TASK >> Everything from the line containing "fixes u1 u2" through the final line of the listing below should be given again, word for word, and nothing else.
───── MATERIAL PROVIDED
lemma grad_lincomb:
  assumes "open T" "smooth_on T f" "smooth_on T g" "z \<in> T"
  shows "grad (\<lambda>w. a * f w + b * g w) z = a *\<^sub>R grad f z + b *\<^sub>R grad g z"
  using iter_pd_lincomb[OF assms(1-3) _ assms(4), where vs = "[1]"]
    iter_pd_lincomb[OF assms(1-3) _ assms(4), where vs = "[\<i>]"]
  by (simp add: grad_def complex_eq_iff)

lemma laplacian_lincomb:
  assumes "open T" "smooth_on T f" "smooth_on T g" "z \<in> T"
  shows "laplacian (\<lambda>w. a * f w + b * g w) z = a * laplacian f z + b * laplacian g z"
  using iter_pd_lincomb[OF assms(1-3) _ assms(4), where vs = "[1, 1]"]
    iter_pd_lincomb[OF assms(1-3) _ assms(4), where vs = "[\<i>, \<i>]"]
  by (simp add: laplacian_def algebra_simps)

lemma pdir_ln:
  assumes "f z > 0" "(\<lambda>t. f (z + of_real t * v)) differentiable (at 0)"
  shows "pdir v (\<lambda>w. ln (f w)) z = pdir v f z / f z"
proof (rule pdir_eqI)
  have "(ln has_real_derivative inverse (f z)) (at (f (z + of_real 0 * v)))"
    using DERIV_ln assms(1) by simp
  from DERIV_chain2[OF this has_real_derivative_pdir[OF assms(2)]]
  show "((\<lambda>t. ln (f (z + of_real t * v))) has_real_derivative pdir v f z / f z) (at 0)"
    by (simp add: field_simps)
qed

lemma pdir_pdir_ln:
  assumes "open T" "smooth_on T f" "\<And>w. w \<in> T \<Longrightarrow> f w > 0" "z \<in> T" "v \<in> {1, \<i>}"
  shows "pdir v (pdir v (\<lambda>w. ln (f w))) z = (f z * pdir v (pdir v f) z - (pdir v f z)^2) / (f z)^2"
proof (rule pdir_eqI)
  have "f z > 0" using assms(3,4) .
  have line_f: "(\<lambda>t. f (w + of_real t * v)) differentiable (at 0)" if "w \<in> T" for w
    using smooth_on_line_differentiable[OF assms(2), where vs = "[]"] assms(5) that by simp
  have line_pdir_f: "(\<lambda>t. pdir v f (z + of_real t * v)) differentiable (at 0)"
    using smooth_on_line_differentiable[OF assms(2), where vs = "[v]"] assms(4,5) by simp
  have "((\<lambda>t. pdir v f (z + of_real t * v) / f (z + of_real t * v)) has_real_derivative
      (f z * pdir v (pdir v f) z - (pdir v f z)^2) / (f z)^2) (at 0)"
    using DERIV_divide[OF has_real_derivative_pdir[OF line_pdir_f]
        has_real_derivative_pdir[OF line_f[OF assms(4)]]] \<open>f z > 0\<close>
    by (simp add: power2_eq_square algebra_simps)
  then show "((\<lambda>t. pdir v (\<lambda>w. ln (f w)) (z + of_real t * v)) has_real_derivative
      (f z * pdir v (pdir v f) z - (pdir v f z)^2) / (f z)^2) (at 0)"
    by (rule DERIV_line_cong_open[where f = "\<lambda>w. pdir v f w / f w", OF assms(1,4), rotated])
      (simp add: pdir_ln assms(3) line_f)
qed

lemma laplacian_ln:
  assumes "open T" "smooth_on T f" "\<And>w. w \<in> T \<Longrightarrow> f w > 0" "z \<in> T"
  shows "laplacian (\<lambda>w. ln (f w)) z = (f z * laplacian f z - (cmod (grad f z))^2) / (f z)^2"
  using pdir_pdir_ln[OF assms, of 1] pdir_pdir_ln[OF assms, of \<i>]
  by (simp add: laplacian_def grad_def cmod_power2 add_divide_distrib[symmetric] algebra_simps)

lemma gauss_curv_nonpos_iff:
  assumes "open T" "smooth_on T f" "\<And>w. w \<in> T \<Longrightarrow> f w > 0" "z \<in> T"
  shows "gauss_curv f z \<le> 0 \<longleftrightarrow> (cmod (grad f z))^2 \<le> f z * laplacian f z"
proof -
  have "f z > 0" using assms(3,4) .
  have "laplacian (\<lambda>w. ln (f w)) z = (f z * laplacian f z - (cmod (grad f z))^2) / (f z)^2"
    by (rule laplacian_ln[OF assms])
  moreover have "0 < 2 * f z * (f z)^2" using \<open>f z > 0\<close> by simp
  ultimately show ?thesis
    unfolding gauss_curv_def by (simp add: divide_le_0_iff zero_le_divide_iff)
qed

lemma power2_norm_lincomb_le:
  fixes u1 u2 :: "'a::real_inner"
  assumes "g1 > 0" "g2 > 0" "a \<ge> 0" "b \<ge> 0"
    and "(norm u1)^2 \<le> g1 * L1" "(norm u2)^2 \<le> g2 * L2"
  shows "(norm (a *\<^sub>R u1 + b *\<^sub>R u2))^2 \<le> (a * g1 + b * g2) * (a * L1 + b * L2)"
proof -
  have "(norm (a *\<^sub>R u1 + b *\<^sub>R u2))^2
      \<le> (norm (a *\<^sub>R u1 + b *\<^sub>R u2))^2 + a * b * (norm (g2 *\<^sub>R u1 - g1 *\<^sub>R u2))^2 / (g1 * g2)"
    using assms(1-4) by simp
  also have "\<dots> = (a * g1 + b * g2) * (a * ((norm u1)^2 / g1) + b * ((norm u2)^2 / g2))"
    unfolding power2_norm_eq_inner using assms(1,2)
    by (simp add: inner_add_left inner_add_right inner_diff_left inner_diff_right inner_commute field_simps)
  also have "\<dots> \<le> (a * g1 + b * g2) * (a * L1 + b * L2)"
    using assms by (intro mult_left_mono add_mono mult_left_mono) (simp_all add: pos_divide_le_eq mult.commute)
  finally show ?thesis .
qed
──────────
WRITTEN ANSWER >>
  fixes u1 u2 :: "'a::real_inner"
  assumes "g1 > 0" "g2 > 0" "a \<ge> 0" "b \<ge> 0"
    and "(norm u1)^2 \<le> g1 * L1" "(norm u2)^2 \<le> g2 * L2"
  shows "(norm (a *\<^sub>R u1 + b *\<^sub>R u2))^2 \<le> (a * g1 + b * g2) * (a * L1 + b * L2)"
proof -
  have "(norm (a *\<^sub>R u1 + b *\<^sub>R u2))^2
      \<le> (norm (a *\<^sub>R u1 + b *\<^sub>R u2))^2 + a * b * (norm (g2 *\<^sub>R u1 - g1 *\<^sub>R u2))^2 / (g1 * g2)"
    using assms(1-4) by simp
  also have "\<dots> = (a * g1 + b * g2) * (a * ((norm u1)^2 / g1) + b * ((norm u2)^2 / g2))"
    unfolding power2_norm_eq_inner using assms(1,2)
    by (simp add: inner_add_left inner_add_right inner_diff_left inner_diff_right inner_commute field_simps)
  also have "\<dots> \<le> (a * g1 + b * g2) * (a * L1 + b * L2)"
    using assms by (intro mult_left_mono add_mono mult_left_mono) (simp_all add: pos_divide_le_eq mult.commute)
  finally show ?thesis .
qed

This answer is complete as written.